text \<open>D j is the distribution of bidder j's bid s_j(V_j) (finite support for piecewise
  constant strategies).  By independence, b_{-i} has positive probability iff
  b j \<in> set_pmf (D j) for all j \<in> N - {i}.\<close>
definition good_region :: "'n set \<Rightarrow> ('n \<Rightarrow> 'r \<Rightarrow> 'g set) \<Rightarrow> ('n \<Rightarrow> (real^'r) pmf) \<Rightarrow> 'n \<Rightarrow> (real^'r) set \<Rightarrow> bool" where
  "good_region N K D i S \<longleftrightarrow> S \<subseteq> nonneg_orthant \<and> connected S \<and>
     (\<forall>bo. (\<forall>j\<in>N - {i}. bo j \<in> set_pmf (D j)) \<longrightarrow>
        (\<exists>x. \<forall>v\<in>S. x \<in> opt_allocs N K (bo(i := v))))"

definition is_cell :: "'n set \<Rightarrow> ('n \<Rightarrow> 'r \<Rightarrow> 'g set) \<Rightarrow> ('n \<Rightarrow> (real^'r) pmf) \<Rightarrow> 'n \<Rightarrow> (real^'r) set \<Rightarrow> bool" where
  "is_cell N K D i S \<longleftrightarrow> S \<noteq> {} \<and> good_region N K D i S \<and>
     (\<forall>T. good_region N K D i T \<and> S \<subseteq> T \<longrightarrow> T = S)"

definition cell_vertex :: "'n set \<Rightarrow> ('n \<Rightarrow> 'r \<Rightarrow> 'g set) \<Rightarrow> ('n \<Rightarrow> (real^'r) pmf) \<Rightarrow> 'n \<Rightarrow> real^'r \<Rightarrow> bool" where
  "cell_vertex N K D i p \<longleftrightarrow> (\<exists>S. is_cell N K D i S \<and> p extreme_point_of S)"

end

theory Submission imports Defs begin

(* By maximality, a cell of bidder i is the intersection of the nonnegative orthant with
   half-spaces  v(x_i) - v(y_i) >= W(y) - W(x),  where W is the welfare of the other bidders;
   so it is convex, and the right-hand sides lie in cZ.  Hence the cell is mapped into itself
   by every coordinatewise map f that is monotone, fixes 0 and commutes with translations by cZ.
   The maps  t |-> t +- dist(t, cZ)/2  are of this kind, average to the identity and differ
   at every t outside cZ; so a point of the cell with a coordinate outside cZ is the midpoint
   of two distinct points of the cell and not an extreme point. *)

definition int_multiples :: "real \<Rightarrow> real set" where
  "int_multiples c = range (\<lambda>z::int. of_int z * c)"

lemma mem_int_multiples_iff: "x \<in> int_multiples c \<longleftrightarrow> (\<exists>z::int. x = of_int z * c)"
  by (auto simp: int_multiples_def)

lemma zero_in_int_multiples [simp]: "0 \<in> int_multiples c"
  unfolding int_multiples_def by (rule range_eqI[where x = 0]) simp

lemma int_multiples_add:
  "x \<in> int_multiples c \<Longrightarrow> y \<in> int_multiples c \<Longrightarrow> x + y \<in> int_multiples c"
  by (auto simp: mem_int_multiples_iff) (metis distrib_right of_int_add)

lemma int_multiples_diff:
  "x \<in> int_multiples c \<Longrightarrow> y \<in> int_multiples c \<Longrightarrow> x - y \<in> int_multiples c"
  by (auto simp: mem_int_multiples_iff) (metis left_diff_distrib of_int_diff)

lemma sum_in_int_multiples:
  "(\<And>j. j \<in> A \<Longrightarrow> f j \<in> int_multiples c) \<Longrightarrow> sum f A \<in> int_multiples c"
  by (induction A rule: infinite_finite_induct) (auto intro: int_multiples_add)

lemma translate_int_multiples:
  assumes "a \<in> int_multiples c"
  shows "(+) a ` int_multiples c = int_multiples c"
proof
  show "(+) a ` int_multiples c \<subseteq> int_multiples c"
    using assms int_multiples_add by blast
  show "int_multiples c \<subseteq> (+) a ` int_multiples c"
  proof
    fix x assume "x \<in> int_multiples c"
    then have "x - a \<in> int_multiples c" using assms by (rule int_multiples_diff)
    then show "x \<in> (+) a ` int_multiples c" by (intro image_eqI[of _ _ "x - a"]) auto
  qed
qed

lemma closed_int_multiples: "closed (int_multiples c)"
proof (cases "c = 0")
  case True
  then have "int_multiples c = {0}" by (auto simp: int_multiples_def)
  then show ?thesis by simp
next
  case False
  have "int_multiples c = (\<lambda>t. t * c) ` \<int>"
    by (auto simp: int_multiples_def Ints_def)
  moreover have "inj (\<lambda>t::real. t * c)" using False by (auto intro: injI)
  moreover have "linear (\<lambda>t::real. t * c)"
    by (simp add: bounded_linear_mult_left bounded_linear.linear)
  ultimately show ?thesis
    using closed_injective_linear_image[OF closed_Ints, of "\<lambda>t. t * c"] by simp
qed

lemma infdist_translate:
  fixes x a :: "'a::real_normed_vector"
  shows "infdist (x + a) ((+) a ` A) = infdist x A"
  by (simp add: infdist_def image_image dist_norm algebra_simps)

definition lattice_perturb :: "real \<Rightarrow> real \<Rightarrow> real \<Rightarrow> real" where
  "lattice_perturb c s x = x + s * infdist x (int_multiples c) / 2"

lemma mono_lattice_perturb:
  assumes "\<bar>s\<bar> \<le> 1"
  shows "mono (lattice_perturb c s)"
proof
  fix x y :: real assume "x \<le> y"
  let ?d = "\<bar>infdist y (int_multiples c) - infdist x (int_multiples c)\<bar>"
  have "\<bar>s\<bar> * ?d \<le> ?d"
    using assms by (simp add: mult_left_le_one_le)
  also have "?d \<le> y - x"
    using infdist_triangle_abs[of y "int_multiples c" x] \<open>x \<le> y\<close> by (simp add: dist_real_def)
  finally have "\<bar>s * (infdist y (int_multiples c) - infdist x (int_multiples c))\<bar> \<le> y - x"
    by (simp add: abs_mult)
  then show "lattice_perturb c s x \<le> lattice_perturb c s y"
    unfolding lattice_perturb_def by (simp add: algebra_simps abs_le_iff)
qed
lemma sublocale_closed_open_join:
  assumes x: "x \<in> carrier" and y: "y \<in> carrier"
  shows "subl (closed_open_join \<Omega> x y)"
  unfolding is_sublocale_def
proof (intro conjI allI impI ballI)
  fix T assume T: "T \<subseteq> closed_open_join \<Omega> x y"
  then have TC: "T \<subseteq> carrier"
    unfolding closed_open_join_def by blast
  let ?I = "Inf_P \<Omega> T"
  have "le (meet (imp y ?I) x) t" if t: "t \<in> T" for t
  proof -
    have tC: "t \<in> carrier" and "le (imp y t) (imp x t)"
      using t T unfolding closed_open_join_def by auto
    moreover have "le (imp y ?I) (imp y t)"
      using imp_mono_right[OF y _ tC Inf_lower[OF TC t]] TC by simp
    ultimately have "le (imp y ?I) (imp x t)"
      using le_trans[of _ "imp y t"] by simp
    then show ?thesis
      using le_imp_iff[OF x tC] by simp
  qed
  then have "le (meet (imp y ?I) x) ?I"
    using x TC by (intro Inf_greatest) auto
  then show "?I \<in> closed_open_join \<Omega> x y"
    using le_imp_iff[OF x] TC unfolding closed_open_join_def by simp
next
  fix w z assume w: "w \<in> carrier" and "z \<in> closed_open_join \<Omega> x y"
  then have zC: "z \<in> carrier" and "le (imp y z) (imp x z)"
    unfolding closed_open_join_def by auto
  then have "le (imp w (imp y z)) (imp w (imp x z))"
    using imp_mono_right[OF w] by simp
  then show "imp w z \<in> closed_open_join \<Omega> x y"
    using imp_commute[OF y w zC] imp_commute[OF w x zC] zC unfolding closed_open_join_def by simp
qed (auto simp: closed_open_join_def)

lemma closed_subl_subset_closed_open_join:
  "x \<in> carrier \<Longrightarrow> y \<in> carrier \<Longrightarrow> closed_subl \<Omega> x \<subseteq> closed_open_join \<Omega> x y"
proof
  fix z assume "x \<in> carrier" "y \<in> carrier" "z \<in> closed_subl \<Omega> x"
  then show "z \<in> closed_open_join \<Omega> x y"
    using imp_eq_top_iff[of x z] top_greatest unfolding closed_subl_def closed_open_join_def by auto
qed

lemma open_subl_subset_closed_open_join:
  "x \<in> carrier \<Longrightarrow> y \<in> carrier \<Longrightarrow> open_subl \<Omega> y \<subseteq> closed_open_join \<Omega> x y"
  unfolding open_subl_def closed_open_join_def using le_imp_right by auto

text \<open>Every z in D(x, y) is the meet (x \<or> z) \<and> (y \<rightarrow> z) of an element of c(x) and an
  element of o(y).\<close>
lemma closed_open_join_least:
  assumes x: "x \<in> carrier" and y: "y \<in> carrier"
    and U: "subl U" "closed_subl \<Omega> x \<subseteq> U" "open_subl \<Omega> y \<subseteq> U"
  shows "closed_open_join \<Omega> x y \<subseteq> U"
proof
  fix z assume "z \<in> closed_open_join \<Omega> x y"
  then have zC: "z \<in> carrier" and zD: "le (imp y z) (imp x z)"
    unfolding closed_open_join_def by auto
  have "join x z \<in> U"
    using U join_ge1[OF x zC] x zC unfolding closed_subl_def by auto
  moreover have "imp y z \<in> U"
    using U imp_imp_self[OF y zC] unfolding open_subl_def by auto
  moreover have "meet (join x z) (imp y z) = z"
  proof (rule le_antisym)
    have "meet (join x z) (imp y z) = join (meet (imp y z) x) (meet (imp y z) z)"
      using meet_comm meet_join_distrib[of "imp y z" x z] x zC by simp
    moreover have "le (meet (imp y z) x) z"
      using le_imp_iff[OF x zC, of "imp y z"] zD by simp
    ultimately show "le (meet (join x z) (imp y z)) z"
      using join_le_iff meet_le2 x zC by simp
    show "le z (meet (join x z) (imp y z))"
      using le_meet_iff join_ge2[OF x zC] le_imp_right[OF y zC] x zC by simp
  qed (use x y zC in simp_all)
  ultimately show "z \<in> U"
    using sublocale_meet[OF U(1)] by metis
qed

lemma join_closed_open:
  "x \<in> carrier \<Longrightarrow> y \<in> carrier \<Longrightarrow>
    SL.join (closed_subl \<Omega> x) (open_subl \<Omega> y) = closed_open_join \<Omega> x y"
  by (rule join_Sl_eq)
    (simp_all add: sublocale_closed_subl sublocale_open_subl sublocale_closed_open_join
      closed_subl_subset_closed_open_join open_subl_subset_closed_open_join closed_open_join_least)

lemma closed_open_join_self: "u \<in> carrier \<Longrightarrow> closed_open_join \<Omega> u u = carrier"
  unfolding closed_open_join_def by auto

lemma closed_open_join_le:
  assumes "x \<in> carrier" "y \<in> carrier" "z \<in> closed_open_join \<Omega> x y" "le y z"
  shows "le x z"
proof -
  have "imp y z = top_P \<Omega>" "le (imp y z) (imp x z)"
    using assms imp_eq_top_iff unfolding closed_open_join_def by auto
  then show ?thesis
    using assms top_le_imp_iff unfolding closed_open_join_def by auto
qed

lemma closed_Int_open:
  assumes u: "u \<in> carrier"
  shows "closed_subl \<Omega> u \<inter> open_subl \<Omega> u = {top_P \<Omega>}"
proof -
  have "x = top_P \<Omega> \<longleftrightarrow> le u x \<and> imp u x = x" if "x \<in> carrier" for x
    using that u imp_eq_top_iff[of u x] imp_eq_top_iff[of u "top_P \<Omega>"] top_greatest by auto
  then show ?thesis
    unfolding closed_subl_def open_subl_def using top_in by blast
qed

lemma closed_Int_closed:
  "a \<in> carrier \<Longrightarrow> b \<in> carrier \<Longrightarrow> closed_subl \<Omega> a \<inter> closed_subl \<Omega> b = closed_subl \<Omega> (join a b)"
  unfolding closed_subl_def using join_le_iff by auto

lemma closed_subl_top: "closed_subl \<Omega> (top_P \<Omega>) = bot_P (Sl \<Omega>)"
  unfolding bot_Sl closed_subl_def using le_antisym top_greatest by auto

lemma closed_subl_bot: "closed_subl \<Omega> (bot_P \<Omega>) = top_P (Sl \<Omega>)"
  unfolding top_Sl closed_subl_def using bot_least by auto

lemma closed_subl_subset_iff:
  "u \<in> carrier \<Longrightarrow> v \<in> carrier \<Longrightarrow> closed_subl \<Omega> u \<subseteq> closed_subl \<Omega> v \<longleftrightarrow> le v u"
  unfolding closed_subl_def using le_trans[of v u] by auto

━━━

*What the exercise asks:* Which of the lines above hold the word "metis"? Copy each one.

*Problem solution:*
  by (auto simp: mem_int_multiples_iff) (metis distrib_right of_int_add)
  by (auto simp: mem_int_multiples_iff) (metis left_diff_distrib of_int_diff)
    using sublocale_meet[OF U(1)] by metis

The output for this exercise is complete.